It is also quite trivial to add recognition of pre-existing runs to the initialization for a Linked List based merge sort, unlike for indexed List sorts.
I don't say that Roc should use Linked List sorts, just that the current state of Roc doesn't really support anything better...
In my testing (might be an m1 mac memory thing), the merge sort I wrote above is approximately the same speed as your linked list merge sort (which is pretty sad cause it should be faster, though this merge sort version does allocate for all intermediate lists). Naive merge sort is actually a pretty bad algorithm for sorting contiguous arrays, even the inplace version.
That said, I would still recommend it over using a linked list sort. Cause the linked list will hurt with everything else you do even if it does sort faster.
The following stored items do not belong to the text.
(* Let $\nu$ be a vector norm on $\mathbb{R}^n$, let $H=\{x\in\mathbb{R}^n: e^Tx=0\}$ where $e=(1,\ldots,1)^T$, and let $P_1,P_2,\ldots$ be a sequence of $n\times n$ column stochastic matrices. Suppose that $\sum_{i=1}^\infty(\max(\nu^0_H(P_i),1)-1)$ converges and that there is a subsequence $P_{i_1},P_{i_2},\ldots$ for which $\sum_{j=1}^\infty(1-\min(\nu^0_H(P_{i_j}),1))$ diverges. Then all general products formed from the sequence $P_1,P_2,\ldots$ are weakly ergodic.
   Context: A column stochastic matrix is a nonnegative matrix each of whose columns sums to $1$; $H$ is invariant under every such matrix. The coefficient of ergodicity associated with $\nu$ is $\nu^0_H(P)=\sup_{0\ne x\in H}\nu(Px)/\nu(x)$. General products: given a permutation $\sigma$ of the positive integers, set $B_i=P_{\sigma(i)}$; for an integer $p\ge0$ and each $r\ge1$, $C_{p,r}$ is a product of $B_{p+1},\ldots,B_{p+r}$, each used exactly once, in some order (chosen arbitrarily and independently for each $r$). All general products are weakly ergodic if for every such choice of $\sigma$, $p$ and orders, $\lim_{r\to\infty}C_{p,r}x=0$ for all $x\in H$. *)

theory Defs
  imports "HOL-Analysis.Analysis"
begin

definition is_vector_norm :: "(real^'n \<Rightarrow> real) \<Rightarrow> bool" where
  "is_vector_norm \<nu> \<longleftrightarrow>
     (\<forall>x. 0 \<le> \<nu> x) \<and> (\<forall>x. \<nu> x = 0 \<longleftrightarrow> x = 0) \<and>
     (\<forall>c x. \<nu> (c *\<^sub>R x) = \<bar>c\<bar> * \<nu> x) \<and>
     (\<forall>x y. \<nu> (x + y) \<le> \<nu> x + \<nu> y)"

definition col_stochastic :: "real^'n^'n \<Rightarrow> bool" where
  "col_stochastic P \<longleftrightarrow> (\<forall>i j. 0 \<le> P $ i $ j) \<and> (\<forall>j. (\<Sum>i\<in>UNIV. P $ i $ j) = 1)"

definition Hspace :: "(real^'n) set" where
  "Hspace = {x. (\<Sum>i\<in>UNIV. x $ i) = 0}"

definition coeff_erg :: "(real^'n \<Rightarrow> real) \<Rightarrow> real^'n^'n \<Rightarrow> real" where
  "coeff_erg \<nu> P = (SUP x \<in> Hspace - {0}. \<nu> (P *v x) / \<nu> x)"

definition ordered_prod :: "(nat \<Rightarrow> real^'n^'n) \<Rightarrow> nat list \<Rightarrow> real^'n^'n" where
  "ordered_prod B ks = foldr (\<lambda>k M. B k ** M) ks (mat 1)"

text \<open>All general products are weakly ergodic (0-based indexing: B_i = P (sigma i),
  C_{p,r} is the product of B_p, ..., B_{p+r-1} in the order given by ord r).\<close>
definition general_products_weakly_ergodic :: "(nat \<Rightarrow> real^'n^'n) \<Rightarrow> bool" where
  "general_products_weakly_ergodic P \<longleftrightarrow>
     (\<forall>\<sigma> p ord. bij \<sigma> \<longrightarrow> (\<forall>r. bij_betw (ord r) {0..<r} {p..<p+r}) \<longrightarrow>
        (\<forall>x\<in>Hspace.
           (\<lambda>r. ordered_prod (\<lambda>i. P (\<sigma> i)) (map (ord r) [0..<r]) *v x) \<longlonglongrightarrow> 0))"

end

theory Submission
  imports Defs
begin

text \<open>
  On the invariant subspace H each factor B shrinks \<nu> by at most its coefficient of ergodicity
  c(B), so C_{p,r} x is bounded in \<nu> by the product of the c's of its factors times \<nu>(x), and
  since c \<le> exp(c - 1) this product is at most exp of the window sum of c - 1 over the
  indices p, ..., p+r-1. The positive parts of c - 1 contribute at most the finite total
  of the first series. The negative parts diverge along the subsequence, and because \<sigma>
  is onto, any finitely many terms of that subsequence lie in every long enough window, so the
  exponent tends to -\<infinity>. Finally \<nu> dominates a multiple of the Euclidean norm, by compactness
  of the unit sphere.
\<close>

lemma vector_norm_nonneg: "is_vector_norm \<nu> \<Longrightarrow> 0 \<le> \<nu> x"
  unfolding is_vector_norm_def by blast

lemma vector_norm_eq_0_iff: "is_vector_norm \<nu> \<Longrightarrow> \<nu> x = 0 \<longleftrightarrow> x = 0"
  unfolding is_vector_norm_def by blast

lemma vector_norm_scaleR: "is_vector_norm \<nu> \<Longrightarrow> \<nu> (c *\<^sub>R x) = \<bar>c\<bar> * \<nu> x"
  unfolding is_vector_norm_def by blast

lemma vector_norm_triangle: "is_vector_norm \<nu> \<Longrightarrow> \<nu> (x + y) \<le> \<nu> x + \<nu> y"
  unfolding is_vector_norm_def by blast

lemma vector_norm_zero: "is_vector_norm \<nu> \<Longrightarrow> \<nu> 0 = 0"
  by (simp add: vector_norm_eq_0_iff)

lemma vector_norm_pos: "is_vector_norm \<nu> \<Longrightarrow> x \<noteq> 0 \<Longrightarrow> 0 < \<nu> x"
  using vector_norm_nonneg vector_norm_eq_0_iff by (metis less_le)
We probably should pull our sorting algorithm out of zig for now in order to get reasonable performance. That or if someone has time and is willing to contribute, we need to generate element swapping functions and pass them into zig. That hopefully would inline and optimize happily. It would at a minimum be much better than memcpy for swapping elements.
But yeah, overall, the horrible performance here is definitely a major roc bug.
Brendan Hansknecht said:
the horrible performance here is definitely a major roc bug.
That's exactly the point I was trying to make; but also that the current implementation of sorting in Zig isn't very good either as you say...
Brendan Hansknecht said:
Naive merge sort is actually a pretty bad algorithm for sorting contiguous arrays, even the in-place version.
Ah, I think that by "naive", you mean top-down and intermediate allocating as per your implemented - yes, that kind of "naive" is pretty bad although simpler; you notice that I prefer bottom-up for partly in-place sorting for my implementation although it does still need to alternate between two arrays with the final destination the resulting one. I think your poorer results for the Linked List version are indeed due to slower memory allocation on macOS where I was running on Linux, as I often see this difference
It's funny you should say that considering that most common sorting implementations in most languages are just variations of array merge sorting, which includes Timsort, the new Powersort that Python currently uses, etc.; if one wants a reasonable performance general-purpose stable sort with good general performance where worst case is about the same as average performance for random data, these seem to be state-of-the-art; if one is willing to give up stable sorting or having extreme worst case performance, there are some exotic sorting algorithms that can deliver for some special cases...
GordonBGood said:
you notice that I prefer bottom-up for partly in-place sorting for my implementation although it does still need to alternate between two arrays with the final destination the resulting one
Just to finish this up, now that there is a TESTING branch of nightlies that has fixed the in-place mutation so it is now very fast, indexed List/array merge sorting works about as fast as in any of the fastest languages, as per the following code, which does a bottom-up merge sort:
app [main] { pf: platform "https://github.com/roc-lang/basic-cli/releases/download/0.10.0/vNe6s9hWzoTZtFmNkvEICPErI9ptji_ySjicO6CkucY.tar.br" }
import pf.Stdout
import pf.Task
import pf.Utc exposing [ now, deltaAsMillis ]
cLIMIT : U64
cLIMIT = 1_000_000
RandSeed : (U64, U64)
initRandSeed : RandSeed
initRandSeed = (0x69B4C98CB8530805u64, 0xFED1DD3004688D68u64)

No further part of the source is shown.